### Work instruction
Read through the material below and find each line that has the word "dots"; copy it.

____

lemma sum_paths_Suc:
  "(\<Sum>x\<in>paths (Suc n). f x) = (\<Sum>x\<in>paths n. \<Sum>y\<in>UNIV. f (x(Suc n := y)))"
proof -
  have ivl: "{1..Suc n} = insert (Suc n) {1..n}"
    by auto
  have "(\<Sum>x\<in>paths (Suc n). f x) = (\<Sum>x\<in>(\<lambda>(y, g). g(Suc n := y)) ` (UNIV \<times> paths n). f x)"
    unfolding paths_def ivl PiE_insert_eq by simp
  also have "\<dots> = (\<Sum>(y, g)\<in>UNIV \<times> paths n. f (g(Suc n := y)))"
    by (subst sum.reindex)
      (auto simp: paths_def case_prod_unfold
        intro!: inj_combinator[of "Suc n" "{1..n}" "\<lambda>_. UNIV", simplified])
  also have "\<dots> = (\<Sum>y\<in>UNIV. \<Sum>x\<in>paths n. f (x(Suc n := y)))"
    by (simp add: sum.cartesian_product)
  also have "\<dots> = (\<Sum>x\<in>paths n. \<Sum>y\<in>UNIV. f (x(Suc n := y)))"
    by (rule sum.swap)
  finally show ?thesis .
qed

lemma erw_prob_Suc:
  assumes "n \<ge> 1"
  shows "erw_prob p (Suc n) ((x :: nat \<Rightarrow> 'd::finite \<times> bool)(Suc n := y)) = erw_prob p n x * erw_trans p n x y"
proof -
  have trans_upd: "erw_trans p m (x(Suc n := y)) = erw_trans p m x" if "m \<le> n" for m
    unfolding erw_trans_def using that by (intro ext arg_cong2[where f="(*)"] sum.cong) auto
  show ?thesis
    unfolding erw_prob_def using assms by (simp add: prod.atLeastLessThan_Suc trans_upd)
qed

____

### Solution to this exercise
  also have "\<dots> = (\<Sum>(y, g)\<in>UNIV \<times> paths n. f (g(Suc n := y)))"
  also have "\<dots> = (\<Sum>y\<in>UNIV. \<Sum>x\<in>paths n. f (x(Suc n := y)))"
  also have "\<dots> = (\<Sum>x\<in>paths n. \<Sum>y\<in>UNIV. f (x(Suc n := y)))"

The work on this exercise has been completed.